18. oktober 2016

Shooting a classic film in London, Kodak Plus-X 125

A couple of weeks back, I was able to buy some Kodak Plus-X (aka 125PX) on eBay, from a seller in the UK.












This film is one of the oldest emulsion in the Kodak lineup, but it did get a facelift some time around the start of the new millennium (or was it in the nineties??), causing it to have a new rated speed and development-times. (and some say, a different look, most disagree about the last part)

Most of the photo's in this blog-entry was shot during overcast weather (some say classic English weather ^^), which, in general, gave me pretty empty skies with little or no visible graduation.


Here's a very nice blog, dealing with the history of this film, up to it's very unfortunate demise in 2011:
http://silverbased.org/plus-x-kodak-woes/

St. Paul's cathedral
Leica M6 with Carl Zeiss Planar F2.0 ZM
Kodak Plus-X 125 @ 160

 

The film shown in this blog is actually called Kodak Eastman Plus-X 5231, which is the cinema-version of the Kodak Plus-X for still cameras, the look, feel and development-times remains the same though.


Tower bridge
Leica M6 with Carl Zeiss Planar F2.0 ZM
Kodak Plus-X 125 @ 160

 I've seen various discussions on the internet regarding pushing this film as far as ISO 500, I have no idea if this is feasible or not (examples looked very good though), but it really is pretty dynamic and gives interesting results in stuff like diafine, pyro, rodinal and the more classic Kodak-developers, like D-76 and HC-110.
 
Your average pub-life
Leica M6 with Carl Zeiss Planar F2.0 ZM
Kodak Plus-X 125 @ 160


Chocolate bokeh in Borough Market
Leica M6 with Carl Zeiss Planar F2.0 ZM
Kodak Plus-X 125 @ 160

 Walking around London with the Leica and the Carl Zeiss F2.0 ZM was really easy though, this combo is very light and solid, so I was always very confident that the photo's taken, would come out just fine.

The old and the new
Leica M6 with Carl Zeiss Planar F2.0 ZM
Kodak Plus-X 125 @ 160

The squirrels in St. James's park are so tame that you can feed them by hand, we found out quickly that you should probably bring a few nuts if you go =D

Tourist-lady feeding the squirrels at St. James's park
Leica M6 with Carl Zeiss Planar F2.0 ZM
Kodak Plus-X 125 @ 160


Was fairly easy to capture quick moments like these, with the excellent viewfinder of the Leica and the smooth action of the Carl Zeiss lens.

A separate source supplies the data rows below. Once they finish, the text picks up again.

lemma viscosity_solution_continuous_in_time:
  assumes "viscosity_solution H G V"
  shows "continuous_on {0..1} (V x)"
proof -
  have "continuous_on (UNIV \<times> {0..1}) (\<lambda>(x, t). V x t)"
    using assms by (simp add: viscosity_solution_iff uniformly_continuous_imp_continuous)
  moreover have "continuous_on {0..1} (\<lambda>t. (x, t))"
    by (intro continuous_intros)
  ultimately have "continuous_on {0..1} (\<lambda>t. (\<lambda>(x, t). V x t) (x, t))"
    by (rule continuous_on_compose2) auto
  then show ?thesis
    by simp
qed

lemma viscosity_solution_le_on_cone:
  fixes V V' :: "real^'i::finite \<Rightarrow> real \<Rightarrow> real"
  assumes c: "0 < c" and H: "propagation_speed_le c H"
    and V: "viscosity_solution H G V" and V': "viscosity_solution H G' V'"
    and G: "\<And>y. (\<And>i. 0 \<le> y $ i \<and> y $ i \<le> c) \<Longrightarrow> G y \<le> G' y"
    and t: "0 < t" "t < 1" and x: "\<And>i. 0 \<le> x $ i \<and> x $ i \<le> c * t"
  shows "V x t \<le> V' x t"
proof (rule viscosity_comparison_on_cone[OF c H _ _ _ _ _ t x])
  show "uniformly_continuous_on (UNIV \<times> {0..1}) (\<lambda>(x, t). V x t)" "viscosity_subsolution H V"
    "uniformly_continuous_on (UNIV \<times> {0..1}) (\<lambda>(x, t). V' x t)" "viscosity_supersolution H V'"
    using V V' by (simp_all add: viscosity_solution_iff)
  show "V y 1 \<le> V' y 1" if "\<And>i. 0 \<le> y $ i \<and> y $ i \<le> c" for y
    using V V' G[OF that] by (simp add: viscosity_solution_iff)
qed

lemma viscosity_solutions_eq_at_0:
  assumes V: "viscosity_solution H G V" and V': "viscosity_solution H G' V'"
    and eq: "\<And>s. 0 < s \<Longrightarrow> s < 1 \<Longrightarrow> V x s = V' x s"
  shows "V x 0 = V' x 0"
proof -
  have "continuous_on (closure {0<..<1}) (\<lambda>s. V x s - V' x s)"
    using viscosity_solution_continuous_in_time[OF V] viscosity_solution_continuous_in_time[OF V']
    by (simp add: continuous_on_diff)
  moreover have "V x s - V' x s = 0" if "s \<in> {0<..<1}" for s
    using eq that by simp
  moreover have "(0::real) \<in> closure {0<..<1}"
    by simp
  ultimately have "V x 0 - V' x 0 = 0"
    by (rule continuous_constant_on_closure)
  then show ?thesis by simp
qed

lemma viscosity_solutions_eq_on_cone:
  fixes V V' :: "real^'i::finite \<Rightarrow> real \<Rightarrow> real"
  assumes c: "0 < c" and H: "propagation_speed_le c H"
    and V: "viscosity_solution H G V" and V': "viscosity_solution H G' V'"
    and G: "\<And>y. (\<And>i. 0 \<le> y $ i \<and> y $ i \<le> c) \<Longrightarrow> G y = G' y"
    and t: "0 \<le> t" "t \<le> 1" and x: "\<And>i. 0 \<le> x $ i \<and> x $ i \<le> c * t"
  shows "V x t = V' x t"
proof -
  have inside: "V y s = V' y s" if "0 < s" "s < 1" "\<And>i. 0 \<le> y $ i \<and> y $ i \<le> c * s" for y s
    using G that
    by (intro antisym viscosity_solution_le_on_cone[OF c H V V'] viscosity_solution_le_on_cone[OF c H V' V])
       simp_all
  consider "t = 0" | "0 < t \<and> t < 1" | "t = 1"
    using t by linarith
  then show ?thesis
  proof cases
    case 1
    with x have "x = 0"
      by (simp add: vec_eq_iff order_antisym)
    have "V 0 0 = V' 0 0"
      using inside[of _ 0] c by (intro viscosity_solutions_eq_at_0[OF V V']) simp
    with 1 \<open>x = 0\<close> show ?thesis by simp
  next
    case 2
    with x show ?thesis by (intro inside) auto
  next
    case 3
    with x V V' G show ?thesis by (simp add: viscosity_solution_iff)
  qed
qed

theorem mainTheorem7:
  fixes \<nu> :: "'i::finite \<Rightarrow> 'a::finite \<Rightarrow> 'o::finite \<Rightarrow> real"
    and \<epsilon> :: real
    and g' :: "real^'i \<Rightarrow> real"
    and V V' :: "real^'i \<Rightarrow> real \<Rightarrow> real"
  assumes m2: "CARD('i) \<ge> 2"
    and eps: "0 < \<epsilon>" "\<epsilon> < 1"
    and nu_dist: "\<forall>i a. \<nu> i a \<in> prob_simplex"
    and nu_lb: "\<forall>i a x. \<nu> i a x \<ge> \<epsilon>"
    and V_sol: "viscosity_solution (Ham \<nu>) gpay V"
    and g'_bdd: "bounded (range g')"
    and g'_lip: "\<exists>L. L-lipschitz_on UNIV g'"
    and g'_supp: "compact (closure {x. g' x \<noteq> 0})"
    and g'_eq: "\<forall>x. (\<forall>i. 0 \<le> x $ i \<and> x $ i \<le> ln (1 / \<epsilon>)) \<longrightarrow> g' x = gpay x"
    and V'_sol: "viscosity_solution (Ham \<nu>) g' V'"
  shows "(\<forall>i. \<forall>w\<in>prob_simplex. \<forall>Q. (\<forall>a. Q a \<in> prob_simplex) \<longrightarrow>
            (\<Sum>a\<in>UNIV. w a * KL (Q a) (\<nu> i a)) \<le> ln (1 / \<epsilon>)) \<and>
         (\<forall>x t. 0 \<le> t \<and> t \<le> 1 \<and> (\<forall>i. 0 \<le> x $ i \<and> x $ i \<le> ln (1 / \<epsilon>) * t)
            \<longrightarrow> V x t = V' x t)"
proof (intro conjI allI ballI impI)
  fix i :: 'i and w :: "'a \<Rightarrow> real" and Q :: "'a \<Rightarrow> 'o \<Rightarrow> real"
  assume "w \<in> prob_simplex" "\<forall>a. Q a \<in> prob_simplex"
  then show "(\<Sum>a\<in>UNIV. w a * KL (Q a) (\<nu> i a)) \<le> ln (1 / \<epsilon>)"
    by (rule weighted_KL_bounds(2)[OF nu_dist eps(1) nu_lb])
next
  fix x :: "real^'i" and t :: real
  assume "0 \<le> t \<and> t \<le> 1 \<and> (\<forall>i. 0 \<le> x $ i \<and> x $ i \<le> ln (1 / \<epsilon>) * t)"
  moreover have "0 < ln (1 / \<epsilon>)"
    using eps by simp
  ultimately show "V x t = V' x t"
    using propagation_speed_le_Ham[OF nu_dist eps(1) nu_lb] g'_eq
    by (intro viscosity_solutions_eq_on_cone[OF _ _ V_sol V'_sol]) auto
qed

end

The following shot is probably overexposed by 1-2 stops, but I really love how the tones came out. The negative looks good, so it is going to be interesting to print it when the winter sets in.

Elizabeth tower and Big Ben
Leica M6 with Carl Zeiss Planar F2.0 ZM
Kodak Plus-X 125 @50

Just a different take on the London-eye, the 50mm lens helped isolate the subject and constrict the shot a little

London Eye
Leica M6 with Carl Zeiss Planar F2.0 ZM
Kodak Plus-X 125 @50


As i mentioned, I bought 25 feet from the UK (expiration 2009) and later added another 100 feet to that. I already have some of this film in regular 35mm cassettes and 19 rolls in 120, which I secured in 2011.


Old, classic double-decker, heading for Trafalgar Square
Leica M6 with Carl Zeiss Planar F2.0 ZM
Kodak Plus-X 125 @ 160

Frozen, this film should keep for a very long time, I've seen people shooting and developing Plus-X from the 80's and 90's with little need for compensation for tone and sensitivity.

Buckingham palace, seen from St. James's park
Leica M6 with Carl Zeiss Planar F2.0 ZM
Kodak Plus-X 125 @ 160

So what's so special about this film?

To be honest?

Hard to tell:  It's a medium-speed film, not particularly grainless for 100 ISO and works very well in most developers -just like most other films.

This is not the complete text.